-- Opening Marker --

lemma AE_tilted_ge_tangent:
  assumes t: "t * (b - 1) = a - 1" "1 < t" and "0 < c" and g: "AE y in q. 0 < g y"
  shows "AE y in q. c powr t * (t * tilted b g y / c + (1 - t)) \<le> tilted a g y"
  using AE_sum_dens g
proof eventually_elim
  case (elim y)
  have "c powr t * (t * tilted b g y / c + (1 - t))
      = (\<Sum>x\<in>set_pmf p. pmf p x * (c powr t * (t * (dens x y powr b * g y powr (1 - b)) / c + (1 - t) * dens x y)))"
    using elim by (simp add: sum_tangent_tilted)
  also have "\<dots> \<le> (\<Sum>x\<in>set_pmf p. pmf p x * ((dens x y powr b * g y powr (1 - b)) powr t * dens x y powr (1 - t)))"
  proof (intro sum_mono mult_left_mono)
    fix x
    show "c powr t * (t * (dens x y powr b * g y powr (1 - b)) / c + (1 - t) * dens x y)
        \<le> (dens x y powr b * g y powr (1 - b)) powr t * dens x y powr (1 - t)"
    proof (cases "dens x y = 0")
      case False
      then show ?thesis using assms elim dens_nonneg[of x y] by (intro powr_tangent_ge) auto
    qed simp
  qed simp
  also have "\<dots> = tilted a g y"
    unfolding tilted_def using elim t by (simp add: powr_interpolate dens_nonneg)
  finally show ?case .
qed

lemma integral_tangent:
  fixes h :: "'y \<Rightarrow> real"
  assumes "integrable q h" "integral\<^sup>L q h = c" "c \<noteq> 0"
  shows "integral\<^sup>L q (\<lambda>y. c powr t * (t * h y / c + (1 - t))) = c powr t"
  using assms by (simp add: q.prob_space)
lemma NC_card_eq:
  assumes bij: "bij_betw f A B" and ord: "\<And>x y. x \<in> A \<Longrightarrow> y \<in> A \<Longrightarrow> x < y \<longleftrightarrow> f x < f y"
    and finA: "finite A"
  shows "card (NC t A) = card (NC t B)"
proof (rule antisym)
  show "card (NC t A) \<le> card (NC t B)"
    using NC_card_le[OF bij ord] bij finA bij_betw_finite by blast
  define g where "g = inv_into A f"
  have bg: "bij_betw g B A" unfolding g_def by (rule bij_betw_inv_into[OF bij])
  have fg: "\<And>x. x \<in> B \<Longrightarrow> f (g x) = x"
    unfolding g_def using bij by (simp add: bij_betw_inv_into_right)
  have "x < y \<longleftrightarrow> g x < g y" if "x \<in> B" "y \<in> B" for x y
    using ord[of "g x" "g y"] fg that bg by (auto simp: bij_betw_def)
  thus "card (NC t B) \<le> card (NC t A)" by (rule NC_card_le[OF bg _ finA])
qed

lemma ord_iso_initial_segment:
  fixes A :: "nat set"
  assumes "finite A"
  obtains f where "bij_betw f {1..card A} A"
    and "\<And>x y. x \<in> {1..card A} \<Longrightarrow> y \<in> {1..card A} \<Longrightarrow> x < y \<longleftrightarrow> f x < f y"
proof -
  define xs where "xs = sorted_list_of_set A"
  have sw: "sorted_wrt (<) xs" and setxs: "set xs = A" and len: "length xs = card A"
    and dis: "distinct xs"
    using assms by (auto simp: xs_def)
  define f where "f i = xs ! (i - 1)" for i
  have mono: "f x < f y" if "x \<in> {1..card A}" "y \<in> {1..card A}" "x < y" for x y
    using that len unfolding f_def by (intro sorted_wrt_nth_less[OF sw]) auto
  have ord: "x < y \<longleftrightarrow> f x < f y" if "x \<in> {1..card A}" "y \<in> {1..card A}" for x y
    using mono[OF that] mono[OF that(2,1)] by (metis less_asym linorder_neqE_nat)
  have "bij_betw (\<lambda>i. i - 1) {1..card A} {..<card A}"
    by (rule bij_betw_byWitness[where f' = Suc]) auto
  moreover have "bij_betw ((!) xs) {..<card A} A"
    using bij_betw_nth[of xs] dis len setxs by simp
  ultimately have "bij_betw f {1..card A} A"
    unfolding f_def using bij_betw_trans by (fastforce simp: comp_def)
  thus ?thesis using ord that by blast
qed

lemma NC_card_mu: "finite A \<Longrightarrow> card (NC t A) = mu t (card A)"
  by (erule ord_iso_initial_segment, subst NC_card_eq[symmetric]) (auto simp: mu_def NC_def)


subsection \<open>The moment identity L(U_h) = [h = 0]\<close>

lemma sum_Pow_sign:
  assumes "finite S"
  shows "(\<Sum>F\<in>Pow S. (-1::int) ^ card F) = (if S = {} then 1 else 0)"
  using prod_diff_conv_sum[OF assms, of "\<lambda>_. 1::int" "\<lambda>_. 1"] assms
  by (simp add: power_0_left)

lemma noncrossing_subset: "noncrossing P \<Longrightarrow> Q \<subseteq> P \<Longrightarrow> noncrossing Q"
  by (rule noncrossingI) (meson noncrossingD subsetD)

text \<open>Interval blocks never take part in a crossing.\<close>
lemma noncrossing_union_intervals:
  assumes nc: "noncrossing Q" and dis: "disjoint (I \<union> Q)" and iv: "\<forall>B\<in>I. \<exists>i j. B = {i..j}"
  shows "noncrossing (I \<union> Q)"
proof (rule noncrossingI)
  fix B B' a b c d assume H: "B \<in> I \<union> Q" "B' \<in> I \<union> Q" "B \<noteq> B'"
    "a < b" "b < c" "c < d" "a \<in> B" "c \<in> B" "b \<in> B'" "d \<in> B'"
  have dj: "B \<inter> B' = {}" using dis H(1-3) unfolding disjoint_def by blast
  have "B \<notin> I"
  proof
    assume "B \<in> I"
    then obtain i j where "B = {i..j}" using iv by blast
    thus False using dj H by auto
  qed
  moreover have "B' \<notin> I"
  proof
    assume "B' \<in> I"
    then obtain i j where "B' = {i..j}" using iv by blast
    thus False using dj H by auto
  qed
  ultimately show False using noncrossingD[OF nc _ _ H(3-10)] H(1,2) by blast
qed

-- Closing Marker --

**GOAL OF THE EXERCISE**
Copy the entries word for word.

**ANSWER SECTION**
lemma AE_tilted_ge_tangent:
  assumes t: "t * (b - 1) = a - 1" "1 < t" and "0 < c" and g: "AE y in q. 0 < g y"
  shows "AE y in q. c powr t * (t * tilted b g y / c + (1 - t)) \<le> tilted a g y"
  using AE_sum_dens g
proof eventually_elim
  case (elim y)
  have "c powr t * (t * tilted b g y / c + (1 - t))
      = (\<Sum>x\<in>set_pmf p. pmf p x * (c powr t * (t * (dens x y powr b * g y powr (1 - b)) / c + (1 - t) * dens x y)))"
    using elim by (simp add: sum_tangent_tilted)
  also have "\<dots> \<le> (\<Sum>x\<in>set_pmf p. pmf p x * ((dens x y powr b * g y powr (1 - b)) powr t * dens x y powr (1 - t)))"
  proof (intro sum_mono mult_left_mono)
    fix x
    show "c powr t * (t * (dens x y powr b * g y powr (1 - b)) / c + (1 - t) * dens x y)
        \<le> (dens x y powr b * g y powr (1 - b)) powr t * dens x y powr (1 - t)"
    proof (cases "dens x y = 0")
      case False
      then show ?thesis using assms elim dens_nonneg[of x y] by (intro powr_tangent_ge) auto
    qed simp
  qed simp
  also have "\<dots> = tilted a g y"
    unfolding tilted_def using elim t by (simp add: powr_interpolate dens_nonneg)
  finally show ?case .
qed

lemma integral_tangent:
  fixes h :: "'y \<Rightarrow> real"
  assumes "integrable q h" "integral\<^sup>L q h = c" "c \<noteq> 0"
  shows "integral\<^sup>L q (\<lambda>y. c powr t * (t * h y / c + (1 - t))) = c powr t"
  using assms by (simp add: q.prob_space)
lemma NC_card_eq:
  assumes bij: "bij_betw f A B" and ord: "\<And>x y. x \<in> A \<Longrightarrow> y \<in> A \<Longrightarrow> x < y \<longleftrightarrow> f x < f y"
    and finA: "finite A"
  shows "card (NC t A) = card (NC t B)"
proof (rule antisym)
  show "card (NC t A) \<le> card (NC t B)"
    using NC_card_le[OF bij ord] bij finA bij_betw_finite by blast
  define g where "g = inv_into A f"
  have bg: "bij_betw g B A" unfolding g_def by (rule bij_betw_inv_into[OF bij])
  have fg: "\<And>x. x \<in> B \<Longrightarrow> f (g x) = x"
    unfolding g_def using bij by (simp add: bij_betw_inv_into_right)
  have "x < y \<longleftrightarrow> g x < g y" if "x \<in> B" "y \<in> B" for x y
    using ord[of "g x" "g y"] fg that bg by (auto simp: bij_betw_def)
  thus "card (NC t B) \<le> card (NC t A)" by (rule NC_card_le[OF bg _ finA])
qed

lemma ord_iso_initial_segment:
  fixes A :: "nat set"
  assumes "finite A"
  obtains f where "bij_betw f {1..card A} A"
    and "\<And>x y. x \<in> {1..card A} \<Longrightarrow> y \<in> {1..card A} \<Longrightarrow> x < y \<longleftrightarrow> f x < f y"
proof -
  define xs where "xs = sorted_list_of_set A"
  have sw: "sorted_wrt (<) xs" and setxs: "set xs = A" and len: "length xs = card A"
    and dis: "distinct xs"
    using assms by (auto simp: xs_def)
  define f where "f i = xs ! (i - 1)" for i
  have mono: "f x < f y" if "x \<in> {1..card A}" "y \<in> {1..card A}" "x < y" for x y
    using that len unfolding f_def by (intro sorted_wrt_nth_less[OF sw]) auto
  have ord: "x < y \<longleftrightarrow> f x < f y" if "x \<in> {1..card A}" "y \<in> {1..card A}" for x y
    using mono[OF that] mono[OF that(2,1)] by (metis less_asym linorder_neqE_nat)
  have "bij_betw (\<lambda>i. i - 1) {1..card A} {..<card A}"
    by (rule bij_betw_byWitness[where f' = Suc]) auto
  moreover have "bij_betw ((!) xs) {..<card A} A"
    using bij_betw_nth[of xs] dis len setxs by simp
  ultimately have "bij_betw f {1..card A} A"
    unfolding f_def using bij_betw_trans by (fastforce simp: comp_def)
  thus ?thesis using ord that by blast
qed

lemma NC_card_mu: "finite A \<Longrightarrow> card (NC t A) = mu t (card A)"
  by (erule ord_iso_initial_segment, subst NC_card_eq[symmetric]) (auto simp: mu_def NC_def)


subsection \<open>The moment identity L(U_h) = [h = 0]\<close>

lemma sum_Pow_sign:
  assumes "finite S"
  shows "(\<Sum>F\<in>Pow S. (-1::int) ^ card F) = (if S = {} then 1 else 0)"
  using prod_diff_conv_sum[OF assms, of "\<lambda>_. 1::int" "\<lambda>_. 1"] assms
  by (simp add: power_0_left)

lemma noncrossing_subset: "noncrossing P \<Longrightarrow> Q \<subseteq> P \<Longrightarrow> noncrossing Q"
  by (rule noncrossingI) (meson noncrossingD subsetD)

text \<open>Interval blocks never take part in a crossing.\<close>
lemma noncrossing_union_intervals:
  assumes nc: "noncrossing Q" and dis: "disjoint (I \<union> Q)" and iv: "\<forall>B\<in>I. \<exists>i j. B = {i..j}"
  shows "noncrossing (I \<union> Q)"
proof (rule noncrossingI)
  fix B B' a b c d assume H: "B \<in> I \<union> Q" "B' \<in> I \<union> Q" "B \<noteq> B'"
    "a < b" "b < c" "c < d" "a \<in> B" "c \<in> B" "b \<in> B'" "d \<in> B'"
  have dj: "B \<inter> B' = {}" using dis H(1-3) unfolding disjoint_def by blast
  have "B \<notin> I"
  proof
    assume "B \<in> I"
    then obtain i j where "B = {i..j}" using iv by blast
    thus False using dj H by auto
  qed
  moreover have "B' \<notin> I"
  proof
    assume "B' \<in> I"
    then obtain i j where "B' = {i..j}" using iv by blast
    thus False using dj H by auto
  qed
  ultimately show False using noncrossingD[OF nc _ _ H(3-10)] H(1,2) by blast
qed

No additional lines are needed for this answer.